Notice that the existing keyword "then" is being used to introduce the sorting and grouping functionality that we require: this happens to be a bit different from the syntax in the paper, so be careful you don't get caught out by this.

What isn't obvious from the presentation above is just how general these comprehensive comprehensions are! Unlike SQL you can sort or group at any point in the query without making use of subqueries. Unlike SQL you can use any aggregation function, not just one it has defined like COUNT or SUM. Most significantly, unlike SQL you can actually use alternative grouping and sorting functions! So, you could choose a grouping function that actually looked for runs in the thing you are grouping by, or a "sorting" function that just returns the first 5 elements of the list: if you look at the example above we used just this feature to implement the LIMIT clause of SQL.

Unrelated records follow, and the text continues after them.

(* Let $G$ be an equilateral compact tree with $p\ge2$ vertices, edge length $\ell$, identically zero potentials, and let $b_1,\dots,b_p\in\mathbb{R}$. Then for each $r=1,2,\dots,p$, the entire function $z\mapsto z^{r-1}\phi(z^2,b_1,\dots,b_p)$ is not of sine type.
   Context: Setting: $G$ is a tree with vertices $v_1,\dots,v_p$ and edges $e_1,\dots,e_{p-1}$ of length $\ell>0$, each oriented arbitrarily and identified with $[0,\ell]$; on each edge $-y_j''=\lambda y_j$. For a vertex $v$ and incident edge $e_j$, $y_j(v)$ is $y_j(\ell)$ if $e_j$ is incoming, $y_j(0)$ if outgoing. Robin–Kirchhoff condition at $v_i$: continuity of $y_j(v_i)$ over incident edges and $\sum_{\text{in}}y_j'(\ell)-\sum_{\text{out}}y_k'(0)+b_iy(v_i)=0$. Characteristic function: with $s(\lambda,x)=\sin(\sqrt\lambda x)/\sqrt\lambda$, $c(\lambda,x)=\cos(\sqrt\lambda x)$ and $y_j=\alpha_js+\beta_jc$ on $e_j$, the vertex conditions form a $2g\times2g$ linear system; fixing for each $v_i$ an incident edge $e_{j(i)}$ and a fixed ordering in which $v_i$ contributes $d(v_i)-1$ continuity rows plus one principal row $\sum_{\text{in}}y_j'(\ell)-\sum_{\text{out}}y_k'(0)+b_iy_{j(i)}(v_i)=0$, $\phi(\lambda,b_1,\dots,b_p)$ is the determinant of its matrix. It is an entire even function of $z=\sqrt\lambda$. Sine type: an entire function $\omega$ of exponential type $\sigma>0$ is of sine type if its zeros lie in a strip $|\operatorname{Im}z|<h$, for some $h_1$ and $M_1,M_2>0$ one has $M_1\le|\omega(x+ih_1)|\le M_2$ for all real $x$, and its exponential types in the upper and lower half-planes are equal. *)

theory Defs
  imports "HOL-Complex_Analysis.Complex_Analysis" "Jordan_Normal_Form.Determinant"
begin

text \<open>Trees: vertices 0..<p, edges 0..<p-1; edge j is oriented from src j (x = 0) to tgt j (x = l).\<close>

definition tree_adj :: "nat \<Rightarrow> (nat \<Rightarrow> nat) \<Rightarrow> (nat \<Rightarrow> nat) \<Rightarrow> (nat \<times> nat) set" where
  "tree_adj p src tgt = {(src j, tgt j) | j. j < p - 1} \<union> {(tgt j, src j) | j. j < p - 1}"

definition is_tree :: "nat \<Rightarrow> (nat \<Rightarrow> nat) \<Rightarrow> (nat \<Rightarrow> nat) \<Rightarrow> bool" where
  "is_tree p src tgt \<longleftrightarrow> p \<ge> 1 \<and>
     (\<forall>j < p - 1. src j < p \<and> tgt j < p \<and> src j \<noteq> tgt j) \<and>
     (\<forall>u < p. \<forall>v < p. (u, v) \<in> (tree_adj p src tgt)\<^sup>*)"

definition sfun :: "complex \<Rightarrow> real \<Rightarrow> complex" where
  "sfun lam x = (if lam = 0 then complex_of_real x
                 else sin (csqrt lam * complex_of_real x) / csqrt lam)"

definition cfun :: "complex \<Rightarrow> real \<Rightarrow> complex" where
  "cfun lam x = cos (csqrt lam * complex_of_real x)"

text \<open>Unknowns: column 2k is alpha_k, column 2k+1 is beta_k (y_k = alpha_k s + beta_k c on edge k).
  val_coef: coefficients of y_k(v); der_coef: coefficients of the contribution of edge k to
  the Kirchhoff sum at v (+ y_k'(l) if incoming, - y_k'(0) if outgoing).\<close>

definition val_coef :: "real \<Rightarrow> complex \<Rightarrow> (nat \<Rightarrow> nat) \<Rightarrow> (nat \<Rightarrow> nat) \<Rightarrow> nat \<Rightarrow> nat \<Rightarrow> nat \<Rightarrow> complex" where
  "val_coef l lam src tgt v k c =
     (if v = tgt k then (if c = 2*k then sfun lam l else if c = 2*k+1 then cfun lam l else 0)
      else if v = src k then (if c = 2*k+1 then 1 else 0)
      else 0)"

definition der_coef :: "real \<Rightarrow> complex \<Rightarrow> (nat \<Rightarrow> nat) \<Rightarrow> (nat \<Rightarrow> nat) \<Rightarrow> nat \<Rightarrow> nat \<Rightarrow> nat \<Rightarrow> complex" where
  "der_coef l lam src tgt v k c =
     (if v = tgt k then (if c = 2*k then cfun lam l else if c = 2*k+1 then - lam * sfun lam l else 0)
      else if v = src k then (if c = 2*k then -1 else 0)
      else 0)"

definition chosen_edge :: "nat \<Rightarrow> (nat \<Rightarrow> nat) \<Rightarrow> (nat \<Rightarrow> nat) \<Rightarrow> nat \<Rightarrow> nat" where
  "chosen_edge p src tgt v = (LEAST k. k < p - 1 \<and> (src k = v \<or> tgt k = v))"

text \<open>Rows are indexed by the 2(p-1) vertex-edge incidences: row 2k is the incidence of edge k
  at its tail src k, row 2k+1 the incidence at its head tgt k.  For a vertex v, the incidence
  with the chosen edge j(v) gives the principal (Kirchhoff-Robin) row, every other incidence with
  edge k gives the continuity row y_{j(v)}(v) - y_k(v) = 0.\<close>

definition char_matrix ::
  "real \<Rightarrow> nat \<Rightarrow> (nat \<Rightarrow> nat) \<Rightarrow> (nat \<Rightarrow> nat) \<Rightarrow> (nat \<Rightarrow> real) \<Rightarrow> complex \<Rightarrow> complex Matrix.mat" where
  "char_matrix l p src tgt b lam =
     Matrix.mat (2 * (p - 1)) (2 * (p - 1)) (\<lambda>(r, c).
       let k = r div 2;
           v = (if even r then src k else tgt k);
           j = chosen_edge p src tgt v
       in if k = j
          then (\<Sum>k' < p - 1. der_coef l lam src tgt v k' c)
               + complex_of_real (b v) * val_coef l lam src tgt v j c
          else val_coef l lam src tgt v j c - val_coef l lam src tgt v k c)"

definition char_fun ::
  "real \<Rightarrow> nat \<Rightarrow> (nat \<Rightarrow> nat) \<Rightarrow> (nat \<Rightarrow> nat) \<Rightarrow> (nat \<Rightarrow> real) \<Rightarrow> complex \<Rightarrow> complex" where
  "char_fun l p src tgt b lam = Determinant.det (char_matrix l p src tgt b lam)"

definition exp_type_on :: "complex set \<Rightarrow> (complex \<Rightarrow> complex) \<Rightarrow> ereal" where
  "exp_type_on S f = Inf {ereal tau | tau. \<exists>A. \<forall>z\<in>S. norm (f z) \<le> A * exp (tau * norm z)}"

definition sine_type :: "(complex \<Rightarrow> complex) \<Rightarrow> bool" where
  "sine_type w \<longleftrightarrow>
     w holomorphic_on UNIV \<and>
     (\<exists>\<sigma>>0. exp_type_on UNIV w = ereal \<sigma>) \<and>
     (\<exists>h. \<forall>z. w z = 0 \<longrightarrow> \<bar>Im z\<bar> < h) \<and>
     (\<exists>h1 M1 M2. M1 > 0 \<and> M2 > 0 \<and>
        (\<forall>x::real. M1 \<le> norm (w (Complex x h1)) \<and> norm (w (Complex x h1)) \<le> M2)) \<and>
     exp_type_on {z. Im z \<ge> 0} w = exp_type_on {z. Im z \<le> 0} w"

end

theory Submission
  imports Defs
begin

text \<open>For z \<noteq> 0 let S = sin (z l) and C = cos (z l). Dividing the p principal rows of the
  characteristic matrix at \<lambda> = z^2 by z and multiplying its p - 1 \<alpha>-columns by z gives a matrix
  depending only on S, C and 1/z, the Robin coefficients entering multiplied by 1/z; hence
  z^(r-1) \<phi>(z^2) = z^r D(S, C, 1/z) with D the determinant of that matrix.
  On a horizontal line S and C are periodic in Re z, so there are points z_n \<rightarrow> \<infinity> on it at which
  S and C are fixed, and D(S, C, 1/z_n) \<rightarrow> D(S, C, 0). These points can be chosen with
  D(S, C, 0) \<noteq> 0, since \<zeta> \<mapsto> D(sin \<zeta>, cos \<zeta>, 0) is entire and does not vanish at \<zeta> = \<i>:
  multiplying the Kirchhoff conditions of a kernel vector by S and using S^2 + C^2 = 1 gives vertex
  values y with deg v \<cdot> C \<cdot> y v equal to the sum of y over the neighbours of v, and |cos \<i>| > 1
  forces y = 0 at a vertex where |y| is maximal. Thus |z_n^r D(S, C, 1/z_n)| \<rightarrow> \<infinity> as r \<ge> 1, whereas
  a function of sine type is bounded on some horizontal line.\<close>

section \<open>Rescaling the characteristic matrix\<close>

definition val_coef_trig ::
  "complex \<Rightarrow> complex \<Rightarrow> (nat \<Rightarrow> nat) \<Rightarrow> (nat \<Rightarrow> nat) \<Rightarrow> nat \<Rightarrow> nat \<Rightarrow> nat \<Rightarrow> complex" where
  "val_coef_trig S C src tgt v k c =
     (if v = tgt k then (if c = 2*k then S else if c = 2*k+1 then C else 0)
      else if v = src k then (if c = 2*k+1 then 1 else 0)
      else 0)"

definition der_coef_trig ::
  "complex \<Rightarrow> complex \<Rightarrow> (nat \<Rightarrow> nat) \<Rightarrow> (nat \<Rightarrow> nat) \<Rightarrow> nat \<Rightarrow> nat \<Rightarrow> nat \<Rightarrow> complex" where
  "der_coef_trig S C src tgt v k c =
     (if v = tgt k then (if c = 2*k then C else if c = 2*k+1 then - S else 0)
      else if v = src k then (if c = 2*k then -1 else 0)
      else 0)"

definition row_vertex :: "(nat \<Rightarrow> nat) \<Rightarrow> (nat \<Rightarrow> nat) \<Rightarrow> nat \<Rightarrow> nat" where
  "row_vertex src tgt r = (if even r then src (r div 2) else tgt (r div 2))"

definition principal_row :: "nat \<Rightarrow> (nat \<Rightarrow> nat) \<Rightarrow> (nat \<Rightarrow> nat) \<Rightarrow> nat \<Rightarrow> bool" where
  "principal_row p src tgt r \<longleftrightarrow> r div 2 = chosen_edge p src tgt (row_vertex src tgt r)"

text \<open>At S = sin (z l), C = cos (z l), e = 1/z this is char_matrix at z^2 with the principal rows
  divided by z and the even (\<alpha>-)columns multiplied by z.\<close>

definition char_matrix_trig :: "nat \<Rightarrow> (nat \<Rightarrow> nat) \<Rightarrow> (nat \<Rightarrow> nat) \<Rightarrow> (nat \<Rightarrow> real) \<Rightarrow>
    complex \<Rightarrow> complex \<Rightarrow> complex \<Rightarrow> complex Matrix.mat" where
  "char_matrix_trig p src tgt b S C e =
     Matrix.mat (2 * (p - 1)) (2 * (p - 1)) (\<lambda>(r, c).
       let v = row_vertex src tgt r; j = chosen_edge p src tgt v
       in if principal_row p src tgt r
          then (\<Sum>k < p - 1. der_coef_trig S C src tgt v k c)
               + e * complex_of_real (b v) * val_coef_trig S C src tgt v j c
          else val_coef_trig S C src tgt v j c - val_coef_trig S C src tgt v (r div 2) c)"

lemma char_matrix_trig_carrier: "char_matrix_trig p src tgt b S C e \<in> carrier_mat (2*(p-1)) (2*(p-1))"
  unfolding char_matrix_trig_def by simp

These new pieces of syntax are pretty nice, and speaking from personal experience it's quite hard to do heavy duty list manipulation without them once you've grown used to having them available. In particular, I found them to have a killer application in the code I used for benchmarking the syntax extension, for slicing and dicing lists of the runtime and heap usage of various program runs.

If you want the full story on how to use the syntax, you can check out the documentation. Go forth and conquer with your new, readable, list-munging powers! I'll leave you with a picture of the guys you have it all to thank for, those giants of functional programming Simon Peyton Jones and Philip Wadler:

4 Responses to “Bitesize Functional Programming: Comprehensive Comprehensions”

• Mark Carmichael Says:

A nit: in the version of the diagram (250px-pythagorean.png) I'm seeing now,
the 'b' label is on the shortest segment of the triangle. Perhaps it should
be swapped with 'a' for clarity?

• Max Says:

There are some comments on this post being made on Reddit. For posterity, you can find these here.

• Mike K Says:

Seems very powerful indeed. Could you elaborate a little of how this goes along with laziness? I'm especially intrigued how one can perform a lazy grouped query, where data "flowing in" is not ordered by groups.

• Max Says:

Well, the first stage of the default grouping operation is to sort the incoming data by the group key. This means that at least that component of the list will be forced at that point, so some laziness is discarded.

Of course, this means that in particular you cannot group infinite comprehensions! I think this is reasonable however . It is not really clear what the semantics would be.

On the other hand, if you know the data flowing in IS sorted you can group by a "runs" function and it will work exactly as you expect. This will of course work with infinite lists.